**Exercise**
In your answer, print every record exactly as it is written.

**Extracted records**

lemma min_curve_eq:
  assumes "0 \<le> \<rho>" "\<rho> < snr"
  shows "min_curve \<mu> snr \<rho> = (if \<rho> \<le> r 1 then phi_gau \<rho> else eta_inv \<mu> snr \<rho>)"
proof (cases "AE t in \<mu>. t = 1")
  case True
  then have "\<not> (\<exists>w>0. r w = \<rho>)" "\<rho> \<le> r 1"
    using r_degenerate assms by auto
  then show ?thesis
    unfolding min_curve_def eta_hits_iff by auto
next
  case nd: False
  show ?thesis
  proof (cases "\<rho> \<le> r 1")
    case True
    have "phi_gau \<rho> \<le> eta_inv \<mu> snr \<rho>" if "0 < w" "r w = \<rho>" for w
    proof -
      have "1 \<le> w"
        using r_strict_antimono[OF nd, of w 1] that True by fastforce
      then show ?thesis
        using G_less_phi_gau_r_iff[OF that(1)] eta_inv_r[OF nd that(1)] that by simp
    qed
    then show ?thesis
      using True unfolding min_curve_def eta_hits_iff by auto
  next
    case False
    obtain w where w: "0 \<le> w" "w \<le> 1" "r w = \<rho>"
      using IVT2'[of r 1 \<rho> 0] continuous_on_subset[OF continuous_on_r] False assms r_0 by auto
    then have "0 < w" "w < 1"
      using False assms r_0 by (auto simp: le_less)
    then have "eta_inv \<mu> snr \<rho> < phi_gau \<rho>"
      using G_less_phi_gau_r_iff eta_inv_r[OF nd] w by auto
    then show ?thesis
      using False \<open>0 < w\<close> w unfolding min_curve_def eta_hits_iff by auto
  qed
qed

lemma min_curve_has_integral: "(min_curve \<mu> snr has_integral L 1) {0..snr}"
proof -
  let ?T = "\<lambda>\<rho>. if \<rho> \<le> r 1 then phi_gau \<rho> else eta_inv \<mu> snr \<rho>"
  have "(?T has_integral ln (1 + r 1)) {0..r 1}"
    using phi_gau_has_integral[OF r_nonneg] by (rule has_integral_eq[rotated]) auto
  moreover have "(?T has_integral (L 1 + ln (p 1))) {r 1..snr}"
    by (rule has_integral_spike_finite[OF _ _ eta_inv_has_integral, of "{r 1}"]) auto
  ultimately have "(?T has_integral L 1) {0..snr}"
    using has_integral_combine[OF r_nonneg r_1_le_snr] ln_one_plus_r_1 by fastforce
  then show ?thesis
    by (rule has_integral_spike_finite[rotated 2, where S = "{snr}"]) (auto simp: min_curve_eq)
qed

end

theorem theorem3:
  fixes \<mu> :: "real measure" and snr B :: real
    and f :: "nat \<Rightarrow> real \<Rightarrow> real"
  assumes prob: "prob_space \<mu>"
    and sets_mu: "sets \<mu> = sets borel"
    and compact_supp: "AE t in \<mu>. 0 \<le> t \<and> t \<le> B"
    and normalized: "(\<integral>t. t \<partial>\<mu>) = 1"
    and snr_pos: "0 < snr"
  defines "\<rho>s \<equiv> 1 / gamma_hat \<mu> snr 1 - 1"
  shows "integral {0..\<rho>s} phi_gau + integral {\<rho>s..snr} (eta_inv \<mu> snr) = C_gau_luis \<mu> snr
         \<and> ((\<forall>k. f k integrable_on {0..}
               \<and> (\<forall>\<rho>\<in>{0..<snr}. 0 \<le> f k \<rho> \<and> f k \<rho> < min_curve \<mu> snr \<rho>)
               \<and> (\<forall>\<rho>\<ge>snr. f k \<rho> = 0))
            \<and> (\<forall>\<rho>\<in>{0..<snr}. (\<lambda>k. f k \<rho>) \<longlonglongrightarrow> min_curve \<mu> snr \<rho>)
            \<longrightarrow> (\<lambda>k. integral {0..} (f k)) \<longlonglongrightarrow> C_gau_luis \<mu> snr)"
proof -
  interpret luis_spectrum \<mu> snr B
    by (intro luis_spectrum.intro luis_spectrum_axioms.intro) fact+
  have capacity: "C_gau_luis \<mu> snr = L 1"
    by (simp add: C_gau_luis_def L_def)
  have "(\<lambda>k. integral {0..} (f k)) \<longlonglongrightarrow> L 1"
    if "\<forall>k. f k integrable_on {0..}
          \<and> (\<forall>\<rho>\<in>{0..<snr}. 0 \<le> f k \<rho> \<and> f k \<rho> < min_curve \<mu> snr \<rho>)
          \<and> (\<forall>\<rho>\<ge>snr. f k \<rho> = 0)"
      and "\<forall>\<rho>\<in>{0..<snr}. (\<lambda>k. f k \<rho>) \<longlonglongrightarrow> min_curve \<mu> snr \<rho>"
    by (rule integral_tendsto_of_convergence_from_below[where M = 1])
      (use that min_curve_has_integral min_curve_le_1 in auto)
  then show ?thesis
    unfolding \<rho>s_def rho_star_eq capacity using area_eq_L_1 by blast
qed

end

**Solution for this problem**
lemma min_curve_eq:
  assumes "0 \<le> \<rho>" "\<rho> < snr"
  shows "min_curve \<mu> snr \<rho> = (if \<rho> \<le> r 1 then phi_gau \<rho> else eta_inv \<mu> snr \<rho>)"
proof (cases "AE t in \<mu>. t = 1")
  case True
  then have "\<not> (\<exists>w>0. r w = \<rho>)" "\<rho> \<le> r 1"
    using r_degenerate assms by auto
  then show ?thesis
    unfolding min_curve_def eta_hits_iff by auto
next
  case nd: False
  show ?thesis
  proof (cases "\<rho> \<le> r 1")
    case True
    have "phi_gau \<rho> \<le> eta_inv \<mu> snr \<rho>" if "0 < w" "r w = \<rho>" for w
    proof -
      have "1 \<le> w"
        using r_strict_antimono[OF nd, of w 1] that True by fastforce
      then show ?thesis
        using G_less_phi_gau_r_iff[OF that(1)] eta_inv_r[OF nd that(1)] that by simp
    qed
    then show ?thesis
      using True unfolding min_curve_def eta_hits_iff by auto
  next
    case False
    obtain w where w: "0 \<le> w" "w \<le> 1" "r w = \<rho>"
      using IVT2'[of r 1 \<rho> 0] continuous_on_subset[OF continuous_on_r] False assms r_0 by auto
    then have "0 < w" "w < 1"
      using False assms r_0 by (auto simp: le_less)
    then have "eta_inv \<mu> snr \<rho> < phi_gau \<rho>"
      using G_less_phi_gau_r_iff eta_inv_r[OF nd] w by auto
    then show ?thesis
      using False \<open>0 < w\<close> w unfolding min_curve_def eta_hits_iff by auto
  qed
qed

lemma min_curve_has_integral: "(min_curve \<mu> snr has_integral L 1) {0..snr}"
proof -
  let ?T = "\<lambda>\<rho>. if \<rho> \<le> r 1 then phi_gau \<rho> else eta_inv \<mu> snr \<rho>"
  have "(?T has_integral ln (1 + r 1)) {0..r 1}"
    using phi_gau_has_integral[OF r_nonneg] by (rule has_integral_eq[rotated]) auto
  moreover have "(?T has_integral (L 1 + ln (p 1))) {r 1..snr}"
    by (rule has_integral_spike_finite[OF _ _ eta_inv_has_integral, of "{r 1}"]) auto
  ultimately have "(?T has_integral L 1) {0..snr}"
    using has_integral_combine[OF r_nonneg r_1_le_snr] ln_one_plus_r_1 by fastforce
  then show ?thesis
    by (rule has_integral_spike_finite[rotated 2, where S = "{snr}"]) (auto simp: min_curve_eq)
qed

end

theorem theorem3:
  fixes \<mu> :: "real measure" and snr B :: real
    and f :: "nat \<Rightarrow> real \<Rightarrow> real"
  assumes prob: "prob_space \<mu>"
    and sets_mu: "sets \<mu> = sets borel"
    and compact_supp: "AE t in \<mu>. 0 \<le> t \<and> t \<le> B"
    and normalized: "(\<integral>t. t \<partial>\<mu>) = 1"
    and snr_pos: "0 < snr"
  defines "\<rho>s \<equiv> 1 / gamma_hat \<mu> snr 1 - 1"
  shows "integral {0..\<rho>s} phi_gau + integral {\<rho>s..snr} (eta_inv \<mu> snr) = C_gau_luis \<mu> snr
         \<and> ((\<forall>k. f k integrable_on {0..}
               \<and> (\<forall>\<rho>\<in>{0..<snr}. 0 \<le> f k \<rho> \<and> f k \<rho> < min_curve \<mu> snr \<rho>)
               \<and> (\<forall>\<rho>\<ge>snr. f k \<rho> = 0))
            \<and> (\<forall>\<rho>\<in>{0..<snr}. (\<lambda>k. f k \<rho>) \<longlonglongrightarrow> min_curve \<mu> snr \<rho>)
            \<longrightarrow> (\<lambda>k. integral {0..} (f k)) \<longlonglongrightarrow> C_gau_luis \<mu> snr)"
proof -
  interpret luis_spectrum \<mu> snr B
    by (intro luis_spectrum.intro luis_spectrum_axioms.intro) fact+
  have capacity: "C_gau_luis \<mu> snr = L 1"
    by (simp add: C_gau_luis_def L_def)
  have "(\<lambda>k. integral {0..} (f k)) \<longlonglongrightarrow> L 1"
    if "\<forall>k. f k integrable_on {0..}
          \<and> (\<forall>\<rho>\<in>{0..<snr}. 0 \<le> f k \<rho> \<and> f k \<rho> < min_curve \<mu> snr \<rho>)
          \<and> (\<forall>\<rho>\<ge>snr. f k \<rho> = 0)"
      and "\<forall>\<rho>\<in>{0..<snr}. (\<lambda>k. f k \<rho>) \<longlonglongrightarrow> min_curve \<mu> snr \<rho>"
    by (rule integral_tendsto_of_convergence_from_below[where M = 1])
      (use that min_curve_has_integral min_curve_le_1 in auto)
  then show ?thesis
    unfolding \<rho>s_def rho_star_eq capacity using area_eq_L_1 by blast
qed

end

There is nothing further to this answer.